Раздался глухой удар. И мальчишка замолк. На протяжении всей этой сцены Чарльз Себастьян попискивал и елозил. Он почти забрался мне на спину и наблюдал за происходящим, вцепившись коготками передних лапок в бортик ящика.

– Кларисса, надо бежать!

– Нет!

Я толкнула его, пытаясь успокоить, но Чарльз Себастьян только громче запищал. Я проследила за его взглядом. В тени перил, изящно лавируя между столбиками и не обращая внимания на общую суматоху, к нам кралась Патронесса.

От ужаса у меня расширились глаза, вдох застрял в горле. Кошка уловила нашу возню и теперь смотрела прямо на нас.

– Не шевелись! – приказала я брату и, выскользнув, прижала его ко дну ящика, пытаясь уберечь от верной смерти.

Наверное, Чарльз Себастьян понимал, как нужно себя вести. Но его страх был сильнее моих лап: он вывернулся и кинулся в щель между досками, выскочил под ноги моряков и понесся прочь, еле успевая уворачиваться от тяжелых сапог.

Кровожадная кошка метнулась за ним.

Голосок

– Чарльз Себастьян! – закричала я. Вдруг огромные руки схватили мой ящик и швырнули. – Ча-а-а-арльз!

Я ударилась о стенку ящика, впилась в него когтями. Кофейные зерна, полный рот крови. Лечу кубарем… Ящик с глухим ударом приземлился на дно шлюпки, кончики моих когтей остались в древесине. Боль пронзила передние лапы, отозвалась в боку. Не понимая, что происходит, я заползла под мешок с остатками кофе. На обломках трех когтей выступили капельки крови. Из-за невыносимой боли, из-за пережитого ужаса я забыла о брате.

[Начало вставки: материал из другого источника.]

lemma trivalent_num_2factors_IH_move:
  assumes "multigraph G" "trivalent G" "perfect_matching G M"
    and "eu \<in> M" "ev = opp G eu" "u = vert G eu" "v = vert G ev"
    and "darts_at G u = {eu, \<alpha>, \<beta>}" "darts_at G v = {ev, \<gamma>, \<delta>}"
    and "\<not> splice_closes (opp G) {\<alpha>, \<beta>, \<gamma>, \<delta>} (pairswap \<alpha> \<gamma> \<beta> \<delta>)"
    and "\<not> splice_closes (opp G) {\<alpha>, \<beta>, \<gamma>, \<delta>} (pairswap \<alpha> \<beta> \<gamma> \<delta>)"
  shows "int (num_2factors G M) - int (num_2factors (G\<lparr>vert := (vert G)(\<gamma> := u, \<beta> := v)\<rparr>) M)
    = int (num_2factors (join_graph G u v eu ev \<alpha> \<gamma> \<beta> \<delta>) (M - {eu, ev}))
      - int (num_2factors (join_graph G u v eu ev \<alpha> \<beta> \<gamma> \<delta>) (M - {eu, ev}))"
proof -
  interpret matched_edge G M eu ev u v \<alpha> \<beta> \<gamma> \<delta>
    using assms by (intro matched_edge_of_trivalent)
  show ?thesis using assms(10,11) by (rule num_2factors_IH_move)
qed

theorem lemma2p3:
  shows
  "(\<forall>(\<Gamma> :: ('p, 'e) pmdrawing) e \<alpha> \<beta> \<gamma> \<delta>.
      pm_drawing \<Gamma> \<and> e \<in> medges \<Gamma> \<and> quad \<Gamma> e = (\<alpha>, \<beta>, \<gamma>, \<delta>) \<longrightarrow>
      bracket2 \<Gamma> - bracket2 (\<Gamma>\<lparr>quad := (quad \<Gamma>)(e := (\<gamma>, \<alpha>, \<delta>, \<beta>))\<rparr>)
      = bracket2 (\<Gamma>\<lparr>arcs := arcs \<Gamma> @ [(\<alpha>, \<gamma>), (\<beta>, \<delta>)], medges := medges \<Gamma> - {e}\<rparr>)
        - bracket2 (\<Gamma>\<lparr>arcs := arcs \<Gamma> @ [(\<alpha>, \<beta>), (\<gamma>, \<delta>)], medges := medges \<Gamma> - {e}\<rparr>))
   \<and>
   (\<forall>(G1 :: ('v, 'h) dgraph) rot M1 eu ev u v \<alpha> \<beta> \<gamma> \<delta>.
      multigraph G1 \<and> trivalent G1 \<and> plane_embedding G1 rot \<and> perfect_matching G1 M1 \<and>
      eu \<in> M1 \<and> ev = opp G1 eu \<and> u = vert G1 eu \<and> v = vert G1 ev \<and>
      darts_at G1 u = {eu, \<alpha>, \<beta>} \<and> darts_at G1 v = {ev, \<gamma>, \<delta>} \<and>
      ((rot eu = \<alpha> \<and> rot ev = \<delta>) \<or> (rot eu = \<beta> \<and> rot ev = \<gamma>)) \<and>
      \<not> splice_closes (opp G1) {\<alpha>, \<beta>, \<gamma>, \<delta>} (pairswap \<alpha> \<gamma> \<beta> \<delta>) \<and>
      \<not> splice_closes (opp G1) {\<alpha>, \<beta>, \<gamma>, \<delta>} (pairswap \<alpha> \<beta> \<gamma> \<delta>) \<longrightarrow>
      int (num_2factors G1 M1)
        - int (num_2factors (G1\<lparr>vert := (vert G1)(\<gamma> := u, \<beta> := v)\<rparr>) M1)
      = int (num_2factors (join_graph G1 u v eu ev \<alpha> \<gamma> \<beta> \<delta>) (M1 - {eu, ev}))
        - int (num_2factors (join_graph G1 u v eu ev \<alpha> \<beta> \<gamma> \<delta>) (M1 - {eu, ev})))"
  by (intro conjI allI impI; elim conjE; rule bracket2_IH_move trivalent_num_2factors_IH_move; assumption)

Высунувшись из-под мешка, я с удивлением увидела Тануку: он обхватил голову руками и стонал. Наше суденышко заполнялось ящиками, тюками и матросами. От качки деревянный бок шлюпки с жутким скрипом терся о бок судна, а мешки так и норовили упасть. Почти всем матросам, как и капитану, связали запястья, заведя руки вперед, а не за спину. Некоторых членов экипажа я узнавала по запаху или даже по виду. Ужас и растерянность на их лицах показывали: они прекрасно знают, что происходит, и к тому же осознают, что заняли не ту сторону.

Капитан сыпал проклятиями в адрес оставшихся на борту, обзывал их бунтовщиками и предателями, требовал больше провизии и вещей, торговался за пресную воду. Я взглянула на Тануку. Казалось, он смотрит прямо на меня. И оцепенение сразу прошло. Он больше не звал Бенеллун. В глазах у него стояли слезы, губы надулись и опустились в горестной гримасе. Он смотрел не на меня, а сквозь, как будто я прозрачное привидение. Я забилась глубже под мешок, чтобы не попадать в свет факела.

После нескольких жутких ударов и толчков лодка со скрежетом наклонилась. Все разом заорали. Мы летели вниз. От удара об воду в шлюпке попадали матросы, посыпалась со своих мест провизия. Я не успела ни во что вцепиться, потому что очень болели сломанные коготки, и от толчка вылетела из ящика на дно шлюпки. Не успела я вскарабкаться обратно, как меня окатило морской водой.

Мне показалось, что я умерла, что меня смыло волной в ледяное море, как маму. Но нет, я всего лишь оказалась в мелкой луже на дне лодки. Отплевываясь и хватая ртом воздух, я поплыла первый раз в жизни и, надеюсь, последний. Кое-как преодолев глубокое место и цепляясь остатками кровоточащих когтей, я вскарабкалась на боковую стенку шлюпки. Затем, протиснувшись между досок ящика, спряталась под мешком с кофе. Сознание покидало меня. От потрясения зубы стучали друг о друга, а от пронизывающего ночного холода содрогалось тело.

И вдруг все внутри оборвалось. Чарльз Себастьян! Где он? Он жив? Или погиб в кошмарной пасти Патронессы? Я вытянула шею и начала всматриваться в борт судна, безнадежно пытаясь отыскать брата и прекрасно понимая, что уж на перилах его точно не может быть. Но все же я надеялась.

Между шлюпкой и кораблем появилась полоска воды. Хотя оба судна стояли на месте. Но какая разница? Чарльза Себастьяна больше нет. Я осталась одна. Задыхаясь от нехватки воздуха, я приказала себе выйти из оцепенения. И услышала голос капитана.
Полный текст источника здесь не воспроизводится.